▶ **Exercise requirements**: Please copy every line below that contains the string "sets".

Dataset excerpts
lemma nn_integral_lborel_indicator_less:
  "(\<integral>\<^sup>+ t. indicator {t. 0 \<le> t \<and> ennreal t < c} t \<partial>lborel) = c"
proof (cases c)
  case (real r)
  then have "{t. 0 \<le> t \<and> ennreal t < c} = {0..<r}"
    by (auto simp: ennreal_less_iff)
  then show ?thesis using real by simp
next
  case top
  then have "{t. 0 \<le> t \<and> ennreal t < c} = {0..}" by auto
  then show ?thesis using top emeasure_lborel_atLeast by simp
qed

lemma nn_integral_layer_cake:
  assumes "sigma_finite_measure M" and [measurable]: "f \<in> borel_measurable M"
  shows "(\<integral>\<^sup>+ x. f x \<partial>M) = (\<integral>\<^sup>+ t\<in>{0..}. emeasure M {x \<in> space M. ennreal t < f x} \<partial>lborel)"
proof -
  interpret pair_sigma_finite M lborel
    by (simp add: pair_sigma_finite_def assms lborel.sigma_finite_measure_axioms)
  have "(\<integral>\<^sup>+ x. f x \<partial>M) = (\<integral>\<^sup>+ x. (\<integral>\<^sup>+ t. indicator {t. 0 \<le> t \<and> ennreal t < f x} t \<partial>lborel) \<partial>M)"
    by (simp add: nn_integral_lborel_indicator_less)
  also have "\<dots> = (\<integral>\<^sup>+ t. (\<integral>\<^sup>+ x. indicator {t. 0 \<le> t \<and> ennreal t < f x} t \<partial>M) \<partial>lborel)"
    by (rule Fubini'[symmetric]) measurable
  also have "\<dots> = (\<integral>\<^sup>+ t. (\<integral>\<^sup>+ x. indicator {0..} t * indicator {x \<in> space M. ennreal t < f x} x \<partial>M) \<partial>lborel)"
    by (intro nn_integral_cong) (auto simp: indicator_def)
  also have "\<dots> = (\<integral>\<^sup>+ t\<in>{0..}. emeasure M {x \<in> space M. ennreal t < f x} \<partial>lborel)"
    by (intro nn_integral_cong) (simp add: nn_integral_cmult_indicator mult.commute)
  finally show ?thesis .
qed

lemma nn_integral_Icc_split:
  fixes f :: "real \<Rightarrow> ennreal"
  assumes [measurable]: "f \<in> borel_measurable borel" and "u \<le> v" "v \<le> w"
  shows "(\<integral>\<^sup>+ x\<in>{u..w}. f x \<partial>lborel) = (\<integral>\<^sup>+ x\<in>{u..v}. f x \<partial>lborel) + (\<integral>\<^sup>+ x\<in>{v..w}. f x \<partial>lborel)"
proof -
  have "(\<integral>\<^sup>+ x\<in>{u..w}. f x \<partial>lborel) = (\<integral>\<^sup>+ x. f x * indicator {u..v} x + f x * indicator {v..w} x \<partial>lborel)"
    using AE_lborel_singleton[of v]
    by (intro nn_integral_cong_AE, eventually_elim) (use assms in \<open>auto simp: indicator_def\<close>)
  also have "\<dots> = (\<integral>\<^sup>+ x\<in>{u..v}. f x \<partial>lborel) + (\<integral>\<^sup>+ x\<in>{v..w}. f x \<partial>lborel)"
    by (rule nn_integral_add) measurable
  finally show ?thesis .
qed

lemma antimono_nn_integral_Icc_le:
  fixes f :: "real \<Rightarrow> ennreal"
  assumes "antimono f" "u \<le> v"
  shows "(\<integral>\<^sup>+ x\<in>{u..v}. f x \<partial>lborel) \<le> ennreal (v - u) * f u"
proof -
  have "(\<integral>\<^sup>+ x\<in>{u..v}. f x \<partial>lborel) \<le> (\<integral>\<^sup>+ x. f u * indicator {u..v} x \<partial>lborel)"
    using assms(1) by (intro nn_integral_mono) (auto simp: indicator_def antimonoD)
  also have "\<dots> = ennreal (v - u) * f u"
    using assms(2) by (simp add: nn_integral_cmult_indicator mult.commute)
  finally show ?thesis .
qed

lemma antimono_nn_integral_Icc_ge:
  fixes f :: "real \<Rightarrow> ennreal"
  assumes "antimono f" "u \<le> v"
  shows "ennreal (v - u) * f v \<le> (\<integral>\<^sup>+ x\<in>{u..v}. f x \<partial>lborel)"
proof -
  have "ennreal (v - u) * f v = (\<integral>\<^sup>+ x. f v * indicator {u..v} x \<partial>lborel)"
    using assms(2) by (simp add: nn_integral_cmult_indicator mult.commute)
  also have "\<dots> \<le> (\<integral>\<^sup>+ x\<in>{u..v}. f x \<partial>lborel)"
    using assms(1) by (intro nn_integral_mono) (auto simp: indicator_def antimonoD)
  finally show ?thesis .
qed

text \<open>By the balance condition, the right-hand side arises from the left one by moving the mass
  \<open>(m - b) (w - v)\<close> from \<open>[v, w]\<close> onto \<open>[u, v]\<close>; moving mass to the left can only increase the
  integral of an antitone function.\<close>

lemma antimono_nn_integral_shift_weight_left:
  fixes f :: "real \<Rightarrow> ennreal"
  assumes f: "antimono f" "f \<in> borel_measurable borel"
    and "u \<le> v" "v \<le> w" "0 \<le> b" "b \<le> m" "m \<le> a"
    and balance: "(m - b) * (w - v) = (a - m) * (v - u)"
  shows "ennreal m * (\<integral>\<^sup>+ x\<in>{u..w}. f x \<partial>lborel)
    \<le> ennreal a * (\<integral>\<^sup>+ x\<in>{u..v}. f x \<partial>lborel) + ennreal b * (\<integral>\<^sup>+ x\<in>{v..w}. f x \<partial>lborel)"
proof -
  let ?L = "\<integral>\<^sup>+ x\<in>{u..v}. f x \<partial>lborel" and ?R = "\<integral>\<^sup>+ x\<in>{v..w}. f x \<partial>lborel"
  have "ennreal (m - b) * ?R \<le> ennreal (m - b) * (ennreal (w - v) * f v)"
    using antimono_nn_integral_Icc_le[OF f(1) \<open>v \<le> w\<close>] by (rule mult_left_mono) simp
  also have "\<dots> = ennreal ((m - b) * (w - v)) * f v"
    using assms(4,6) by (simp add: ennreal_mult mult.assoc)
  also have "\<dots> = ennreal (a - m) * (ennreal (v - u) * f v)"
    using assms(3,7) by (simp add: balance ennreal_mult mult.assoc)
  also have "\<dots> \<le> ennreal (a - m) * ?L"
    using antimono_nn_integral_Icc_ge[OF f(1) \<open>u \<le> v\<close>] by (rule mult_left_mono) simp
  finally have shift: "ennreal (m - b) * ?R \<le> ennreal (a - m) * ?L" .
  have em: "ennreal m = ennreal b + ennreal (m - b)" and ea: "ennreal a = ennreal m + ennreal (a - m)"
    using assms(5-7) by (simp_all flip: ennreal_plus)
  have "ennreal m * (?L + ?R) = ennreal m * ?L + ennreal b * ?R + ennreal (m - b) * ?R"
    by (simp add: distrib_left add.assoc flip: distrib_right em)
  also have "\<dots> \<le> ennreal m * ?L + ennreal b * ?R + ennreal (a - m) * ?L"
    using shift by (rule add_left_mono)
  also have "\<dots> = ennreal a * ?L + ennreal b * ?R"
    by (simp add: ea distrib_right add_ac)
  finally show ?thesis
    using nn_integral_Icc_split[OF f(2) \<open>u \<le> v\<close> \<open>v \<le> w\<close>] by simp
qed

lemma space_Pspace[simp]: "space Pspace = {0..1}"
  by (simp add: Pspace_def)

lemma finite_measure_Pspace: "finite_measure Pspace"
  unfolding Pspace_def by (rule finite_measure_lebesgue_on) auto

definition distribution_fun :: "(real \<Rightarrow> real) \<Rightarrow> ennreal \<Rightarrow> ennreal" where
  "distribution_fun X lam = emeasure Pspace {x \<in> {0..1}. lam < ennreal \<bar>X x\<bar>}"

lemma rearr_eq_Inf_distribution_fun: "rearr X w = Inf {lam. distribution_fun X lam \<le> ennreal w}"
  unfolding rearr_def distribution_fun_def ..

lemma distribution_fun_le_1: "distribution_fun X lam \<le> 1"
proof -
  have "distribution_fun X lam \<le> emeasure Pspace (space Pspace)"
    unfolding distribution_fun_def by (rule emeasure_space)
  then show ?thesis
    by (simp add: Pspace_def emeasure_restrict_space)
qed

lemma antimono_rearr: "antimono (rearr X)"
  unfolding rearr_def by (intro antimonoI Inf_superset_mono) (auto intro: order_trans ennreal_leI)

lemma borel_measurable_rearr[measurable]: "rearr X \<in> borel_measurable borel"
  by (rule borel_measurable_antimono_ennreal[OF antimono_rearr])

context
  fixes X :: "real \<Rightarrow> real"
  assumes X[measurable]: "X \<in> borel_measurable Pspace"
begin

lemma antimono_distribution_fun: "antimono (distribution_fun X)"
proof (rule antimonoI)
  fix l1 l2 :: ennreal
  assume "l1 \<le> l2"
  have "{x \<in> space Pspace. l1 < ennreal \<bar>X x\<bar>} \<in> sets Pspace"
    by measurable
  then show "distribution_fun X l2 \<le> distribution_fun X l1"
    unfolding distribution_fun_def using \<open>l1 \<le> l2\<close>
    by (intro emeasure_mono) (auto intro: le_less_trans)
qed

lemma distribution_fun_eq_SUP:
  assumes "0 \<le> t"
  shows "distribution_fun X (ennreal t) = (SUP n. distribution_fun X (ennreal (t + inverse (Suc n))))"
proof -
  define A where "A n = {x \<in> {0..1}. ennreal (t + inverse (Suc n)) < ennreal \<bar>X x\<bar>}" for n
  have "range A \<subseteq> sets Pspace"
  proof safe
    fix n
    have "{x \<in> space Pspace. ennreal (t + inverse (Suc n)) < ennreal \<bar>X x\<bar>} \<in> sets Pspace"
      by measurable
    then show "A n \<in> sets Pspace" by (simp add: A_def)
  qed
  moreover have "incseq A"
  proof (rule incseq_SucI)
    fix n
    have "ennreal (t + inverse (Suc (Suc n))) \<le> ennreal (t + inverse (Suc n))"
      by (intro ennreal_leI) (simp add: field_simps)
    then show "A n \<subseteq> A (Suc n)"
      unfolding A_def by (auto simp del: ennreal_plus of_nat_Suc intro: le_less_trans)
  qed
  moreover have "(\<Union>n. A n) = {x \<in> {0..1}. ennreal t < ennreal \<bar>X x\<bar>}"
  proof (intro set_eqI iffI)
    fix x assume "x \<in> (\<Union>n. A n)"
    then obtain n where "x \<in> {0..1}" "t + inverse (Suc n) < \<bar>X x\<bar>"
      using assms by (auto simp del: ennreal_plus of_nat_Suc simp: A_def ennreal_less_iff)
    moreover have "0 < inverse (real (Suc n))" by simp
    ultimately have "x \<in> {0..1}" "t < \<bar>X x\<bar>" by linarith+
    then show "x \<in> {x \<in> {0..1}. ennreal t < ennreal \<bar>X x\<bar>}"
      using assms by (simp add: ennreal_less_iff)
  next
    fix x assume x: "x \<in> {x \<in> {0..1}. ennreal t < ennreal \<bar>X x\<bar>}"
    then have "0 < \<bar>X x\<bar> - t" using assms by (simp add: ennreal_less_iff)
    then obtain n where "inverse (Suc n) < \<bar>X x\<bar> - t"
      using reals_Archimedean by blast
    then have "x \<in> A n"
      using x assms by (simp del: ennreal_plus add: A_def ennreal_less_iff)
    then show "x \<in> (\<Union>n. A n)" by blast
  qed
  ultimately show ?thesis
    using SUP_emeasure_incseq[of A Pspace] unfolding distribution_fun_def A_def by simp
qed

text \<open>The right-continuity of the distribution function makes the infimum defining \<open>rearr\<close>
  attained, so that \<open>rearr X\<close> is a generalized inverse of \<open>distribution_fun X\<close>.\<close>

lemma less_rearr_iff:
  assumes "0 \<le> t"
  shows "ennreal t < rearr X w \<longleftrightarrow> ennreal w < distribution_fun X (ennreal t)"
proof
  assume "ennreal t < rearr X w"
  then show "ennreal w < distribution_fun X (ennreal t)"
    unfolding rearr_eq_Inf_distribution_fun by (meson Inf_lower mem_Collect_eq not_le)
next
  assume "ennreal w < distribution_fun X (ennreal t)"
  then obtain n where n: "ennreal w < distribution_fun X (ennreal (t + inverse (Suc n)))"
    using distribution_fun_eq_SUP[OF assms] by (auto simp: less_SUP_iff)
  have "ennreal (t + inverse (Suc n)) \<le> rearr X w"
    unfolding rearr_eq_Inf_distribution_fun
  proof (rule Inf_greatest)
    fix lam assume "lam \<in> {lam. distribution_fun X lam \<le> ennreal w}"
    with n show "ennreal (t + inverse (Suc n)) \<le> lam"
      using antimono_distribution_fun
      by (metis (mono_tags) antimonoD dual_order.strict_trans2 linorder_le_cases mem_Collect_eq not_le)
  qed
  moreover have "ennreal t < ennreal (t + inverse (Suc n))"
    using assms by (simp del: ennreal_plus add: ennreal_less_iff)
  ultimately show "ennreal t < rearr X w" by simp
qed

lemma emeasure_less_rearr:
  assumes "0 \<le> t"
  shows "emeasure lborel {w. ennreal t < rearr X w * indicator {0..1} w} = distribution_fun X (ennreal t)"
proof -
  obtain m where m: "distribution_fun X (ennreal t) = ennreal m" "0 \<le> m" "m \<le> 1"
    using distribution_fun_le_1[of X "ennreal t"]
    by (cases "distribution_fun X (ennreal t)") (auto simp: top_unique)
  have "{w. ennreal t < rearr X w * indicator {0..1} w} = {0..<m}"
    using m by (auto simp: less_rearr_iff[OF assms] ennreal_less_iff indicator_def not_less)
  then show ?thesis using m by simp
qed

▶ **Problem solution**:
  have "{x \<in> space Pspace. l1 < ennreal \<bar>X x\<bar>} \<in> sets Pspace"
  have "range A \<subseteq> sets Pspace"
    have "{x \<in> space Pspace. ennreal (t + inverse (Suc n)) < ennreal \<bar>X x\<bar>} \<in> sets Pspace"
    then show "A n \<in> sets Pspace" by (simp add: A_def)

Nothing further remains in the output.